During the first nine months of 2024 and 2023, Grupo Santander did not make any material transfers of financial instruments between measurement levels other than the transfers included in level 3 table.
Grupo Santander has developed a formal process for the systematic valuation and management of financial instruments, which has been implemented worldwide across all the Group’s units. The governance scheme for this process distributes responsibilities between two independent divisions: Treasury (development, marketing and daily management of financial products and market data) and Risk (on a periodic basis, validation of pricing models and market data, computation of risk metrics, new transaction approval policies, management of market risk and implementation of fair value adjustment policies).
The approval of new products follows a sequence of steps (request, development, validation, integration in corporate systems and quality assurance) before the product is brought into production. This process ensures that pricing systems have been properly reviewed and are stable before they are used.

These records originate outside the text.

(* Let $\Bbbk$ be a unital ring, $n,r$ positive integers, $\varepsilon\in\{0,1/2\}$, $d=n-2\varepsilon$, and assume $d>r+1$. Then the kernel of $\Phi_{n,r+\varepsilon}:\Bbbk W_d\to\operatorname{End}_\Bbbk(\mathbf V^{\otimes r})$ contains the cell ideal $$\Bbbk\{y_{\mathfrak s\mathfrak t}\mid \mathfrak s,\mathfrak t\text{ standard},\ [\mathfrak s]=[\mathfrak t]\not\trianglelefteq(r+1,1^{d-r-1})\}$$ of $\Bbbk W_d$.
   Context: $\mathbf V$ is a free $\Bbbk$-module of rank $n$ with basis $\mathbf v_1,\dots,\mathbf v_n$. $W_n$ is the symmetric group on $\{1,\dots,n\}$, acting on $\mathbf V^{\otimes r}$ by $w(\mathbf v_{j_1}\otimes\cdots\otimes\mathbf v_{j_r})=\mathbf v_{w(j_1)}\otimes\cdots\otimes\mathbf v_{w(j_r)}$, giving $\Phi_{n,r}:\Bbbk W_n\to\operatorname{End}_\Bbbk(\mathbf V^{\otimes r})$. $W_{n-1}=\{w\in W_n:w(n)=n\}$ preserves $\mathbf V^{\otimes r}\otimes\mathbf v_n\subset\mathbf V^{\otimes(r+1)}$, identified with $\mathbf V^{\otimes r}$, giving $\Phi_{n,r+1/2}:\Bbbk W_{n-1}\to\operatorname{End}_\Bbbk(\mathbf V^{\otimes r})$. For a partition $\lambda$ of $d$: a $\lambda$-tableau is a bijective filling of the Young diagram by $1,\dots,d$; row-standard means rows increase, standard means rows and columns increase. $\mathfrak t^\lambda$ is the row-reading tableau, $W_\lambda$ its row stabiliser in $W_d$, $d(\mathfrak t)\in W_d$ the permutation with $\mathfrak t=d(\mathfrak t)\mathfrak t^\lambda$, $y_\lambda=\sum_{w\in W_\lambda}\operatorname{sgn}(w)w$, $y_{\mathfrak s\mathfrak t}=d(\mathfrak s)^{-1}y_\lambda d(\mathfrak t)$, and $[\mathfrak t]$ is the shape of $\mathfrak t$. $\trianglelefteq$ is the dominance order. The standard $y_{\mathfrak s\mathfrak t}$ form Murphy's cellular basis of $\Bbbk W_d$, and spans over upward-closed sets of shapes are cell ideals. *)

theory Defs
  imports Complex_Main "HOL-Combinatorics.Permutations"
begin

definition Wsym :: "nat \<Rightarrow> (nat \<Rightarrow> nat) set" where
  "Wsym d = {w. w permutes {1..d}}"

definition is_partition :: "nat \<Rightarrow> nat list \<Rightarrow> bool" where
  "is_partition d mu \<longleftrightarrow> sorted_wrt (\<ge>) mu \<and> (\<forall>p\<in>set mu. 0 < p) \<and> sum_list mu = d"

text \<open>Young diagram (0-indexed cells (row, column)).\<close>
definition young :: "nat list \<Rightarrow> (nat \<times> nat) set" where
  "young mu = {(i, j). i < length mu \<and> j < mu ! i}"

definition tableau :: "nat \<Rightarrow> nat list \<Rightarrow> (nat \<times> nat \<Rightarrow> nat) \<Rightarrow> bool" where
  "tableau d mu t \<longleftrightarrow> bij_betw t (young mu) {1..d}"

definition standard :: "nat list \<Rightarrow> (nat \<times> nat \<Rightarrow> nat) \<Rightarrow> bool" where
  "standard mu t \<longleftrightarrow>
     (\<forall>i j. (i, j) \<in> young mu \<and> (i, Suc j) \<in> young mu \<longrightarrow> t (i, j) < t (i, Suc j)) \<and>
     (\<forall>i j. (i, j) \<in> young mu \<and> (Suc i, j) \<in> young mu \<longrightarrow> t (i, j) < t (Suc i, j))"

definition row_reading :: "nat list \<Rightarrow> nat \<times> nat \<Rightarrow> nat" where
  "row_reading mu c = sum_list (take (fst c) mu) + snd c + 1"

text \<open>d(t): the permutation with t = d(t) t^mu.\<close>
definition dperm :: "nat \<Rightarrow> nat list \<Rightarrow> (nat \<times> nat \<Rightarrow> nat) \<Rightarrow> nat \<Rightarrow> nat" where
  "dperm d mu t = (\<lambda>k. if k \<in> {1..d} then t (inv_into (young mu) (row_reading mu) k) else k)"

definition row_stab :: "nat \<Rightarrow> nat list \<Rightarrow> (nat \<Rightarrow> nat) set" where
  "row_stab d mu = {w \<in> Wsym d. \<forall>c \<in> young mu.
      fst (inv_into (young mu) (row_reading mu) (w (row_reading mu c))) = fst c}"

definition group_alg :: "nat \<Rightarrow> ((nat \<Rightarrow> nat) \<Rightarrow> 'k::ring_1) set" where
  "group_alg d = {x. \<forall>w. w \<notin> Wsym d \<longrightarrow> x w = 0}"

definition ga_delta :: "(nat \<Rightarrow> nat) \<Rightarrow> (nat \<Rightarrow> nat) \<Rightarrow> 'k::ring_1" where
  "ga_delta w = (\<lambda>u. if u = w then 1 else 0)"

definition ga_mult :: "nat \<Rightarrow> ((nat \<Rightarrow> nat) \<Rightarrow> 'k::ring_1) \<Rightarrow> ((nat \<Rightarrow> nat) \<Rightarrow> 'k) \<Rightarrow> (nat \<Rightarrow> nat) \<Rightarrow> 'k" where
  "ga_mult d x y = (\<lambda>u. \<Sum>v\<in>Wsym d. x v * y (inv v \<circ> u))"

definition y_lam :: "nat \<Rightarrow> nat list \<Rightarrow> (nat \<Rightarrow> nat) \<Rightarrow> 'k::ring_1" where
  "y_lam d mu = (\<lambda>u. if u \<in> row_stab d mu then of_int (sign u) else 0)"

definition y_st :: "nat \<Rightarrow> nat list \<Rightarrow> (nat \<times> nat \<Rightarrow> nat) \<Rightarrow> (nat \<times> nat \<Rightarrow> nat) \<Rightarrow> (nat \<Rightarrow> nat) \<Rightarrow> 'k::ring_1" where
  "y_st d mu s t = ga_mult d (ga_mult d (ga_delta (inv (dperm d mu s))) (y_lam d mu)) (ga_delta (dperm d mu t))"

definition cell_span :: "nat \<Rightarrow> (nat list \<Rightarrow> bool) \<Rightarrow> ((nat \<Rightarrow> nat) \<Rightarrow> 'k::ring_1) set" where
  "cell_span d P = {x. \<exists>S c. finite S \<and>
      S \<subseteq> {(mu, s, t). P mu \<and> tableau d mu s \<and> tableau d mu t \<and> standard mu s \<and> standard mu t} \<and>
      x = (\<lambda>u. \<Sum>(mu, s, t)\<in>S. c (mu, s, t) * y_st d mu s t u)}"

definition dom_le :: "nat list \<Rightarrow> nat list \<Rightarrow> bool" where
  "dom_le mu nu \<longleftrightarrow> (\<forall>k. sum_list (take k mu) \<le> sum_list (take k nu))"

definition hook :: "nat \<Rightarrow> nat \<Rightarrow> nat list" where
  "hook d r = Suc r # replicate (d - r - 1) 1"

text \<open>Basis of V^{\<otimes> m}: tuples (v_{j_1},...,v_{j_m}) with 1 \<le> j_i \<le> n.\<close>
definition tuples :: "nat \<Rightarrow> nat \<Rightarrow> nat list set" where
  "tuples n m = {j. length j = m \<and> set j \<subseteq> {1..n}}"

text \<open>Coordinates (w.r.t. the tensor basis) of x applied to basis vector v_j, for x in kG.\<close>
definition tensor_action :: "(nat \<Rightarrow> nat) set \<Rightarrow> ((nat \<Rightarrow> nat) \<Rightarrow> 'k::ring_1) \<Rightarrow> nat list \<Rightarrow> nat list \<Rightarrow> 'k" where
  "tensor_action G x j = (\<lambda>j'. \<Sum>w | w \<in> G \<and> map w j = j'. x w)"

text \<open>For eps = 0 the group is W_n acting on V^{\<otimes> r};
  for eps = 1/2 it is W_{n-1} = {w in W_n. w n = n} acting on V^{\<otimes> r} \<otimes> v_n
  inside V^{\<otimes>(r+1)}.\<close>
definition Phi_kernel :: "nat \<Rightarrow> nat \<Rightarrow> real \<Rightarrow> ((nat \<Rightarrow> nat) \<Rightarrow> 'k::ring_1) set" where
  "Phi_kernel n r eps =
    (if eps = 0 then
       {x. (\<forall>w. w \<notin> Wsym n \<longrightarrow> x w = 0) \<and>
           (\<forall>j\<in>tuples n r. tensor_action (Wsym n) x j = (\<lambda>_. 0))}
     else
       {x. (\<forall>w. w \<notin> {w \<in> Wsym n. w n = n} \<longrightarrow> x w = 0) \<and>
           (\<forall>j\<in>tuples n r. tensor_action {w \<in> Wsym n. w n = n} x (j @ [n]) = (\<lambda>_. 0))})"

end

theory Submission
  imports Defs "HOL-Library.Disjoint_Sets"
begin

text \<open>A shape mu not dominated by the hook (r+1, 1^(d-r-1)) has fewer than d - r rows.
  A basis tensor v_j (with j of length r, possibly followed by the letter n, which W_d fixes)
  involves at most r of the letters 1..d, so by pigeonhole two absent letters a \<noteq> b are sent
  by d(t) into the same row of t^mu. The transposition (a b) fixes v_j, while
  y_st(w (a b)) = - y_st(w) because d(t) (a b) d(t)^-1 is an odd element of the row stabiliser.
  So the coefficients of y_st v_j cancel in pairs w, w (a b).\<close>

lemma young_Cons:
  "young (a # mu) = (\<lambda>j. (0, j)) ` {..<a} \<union> (\<lambda>(i, j). (Suc i, j)) ` young mu"
  unfolding young_def by (auto simp: image_iff nth_Cons split: nat.splits)

lemma bij_betw_row_reading: "bij_betw (row_reading mu) (young mu) {1..sum_list mu}"
proof (induction mu)
  case Nil
  then show ?case by (simp add: young_def bij_betw_def)
next
  case (Cons a mu)
  let ?down = "\<lambda>(i, j). (Suc i, j)"
  have first_row: "bij_betw (row_reading (a # mu)) ((\<lambda>j. (0, j)) ` {..<a}) {1..a}"
    by (rule bij_betw_byWitness[where f' = "\<lambda>k. (0, k - 1)"])
      (auto simp: row_reading_def image_iff)
  have "bij_betw ((+) a \<circ> row_reading mu) (young mu) ((+) a ` {1..sum_list mu})"
    using Cons.IH by (rule bij_betw_trans) (simp add: inj_on_imp_bij_betw)
  moreover have "(+) a \<circ> row_reading mu = row_reading (a # mu) \<circ> ?down"
    by (auto simp: row_reading_def)
  moreover have "bij_betw ?down (young mu) (?down ` young mu)"
    by (rule inj_on_imp_bij_betw) (auto simp: inj_on_def)
  ultimately have lower_rows:
    "bij_betw (row_reading (a # mu)) (?down ` young mu) {a + 1..a + sum_list mu}"
    by (simp add: bij_betw_comp_iff add.commute)
  have "bij_betw (row_reading (a # mu)) (young (a # mu)) ({1..a} \<union> {a + 1..a + sum_list mu})"
    unfolding young_Cons by (rule bij_betw_combine[OF first_row lower_rows]) auto
  moreover have "{1..a} \<union> {a + 1..a + sum_list mu} = {1..sum_list (a # mu)}"
    by auto
  ultimately show ?case by simp
qed

lemma partition_bij_betw_row_reading:
  "is_partition d mu \<Longrightarrow> bij_betw (row_reading mu) (young mu) {1..d}"
  using bij_betw_row_reading[of mu] by (simp add: is_partition_def)

lemma dperm_permutes:
  assumes "is_partition d mu" and "tableau d mu t"
  shows "dperm d mu t permutes {1..d}"
proof (rule bij_imp_permutes)
  have "bij_betw (t \<circ> inv_into (young mu) (row_reading mu)) {1..d} {1..d}"
    using bij_betw_inv_into[OF partition_bij_betw_row_reading[OF assms(1)]] assms(2)
    unfolding tableau_def by (rule bij_betw_trans)
  then show "bij_betw (dperm d mu t) {1..d} {1..d}"
    by (rule bij_betw_cong[THEN iffD1, rotated]) (simp add: dperm_def)
qed (auto simp: dperm_def)

definition row_of :: "nat list \<Rightarrow> nat \<Rightarrow> nat" where
  "row_of mu k = fst (inv_into (young mu) (row_reading mu) k)"

lemma row_of_less_length:
  assumes "is_partition d mu" and "k \<in> {1..d}"
  shows "row_of mu k < length mu"
proof -
  have "inv_into (young mu) (row_reading mu) k \<in> young mu"
    using bij_betw_inv_into[OF partition_bij_betw_row_reading[OF assms(1)]] assms(2)
    by (rule bij_betw_apply)
  then show ?thesis by (auto simp: row_of_def young_def)
qed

The most important products and types of derivatives, and the related valuation techniques and inputs, by asset class, are detailed in the consolidated annual accounts as at 31 December 2023.
As the end of 30 September 2024, the CVA (Credit Valuation Adjustment) accounted for was EUR 275 million (a decrease of 6.2% compared to 31 December 2023) and adjustments of DVA (Debt Valuation Adjustment) was EUR 282 million (a decrease of 14.5% compared to the end of December 2023). The reduction is mainly due to a decline in the spread curves of the credit markets.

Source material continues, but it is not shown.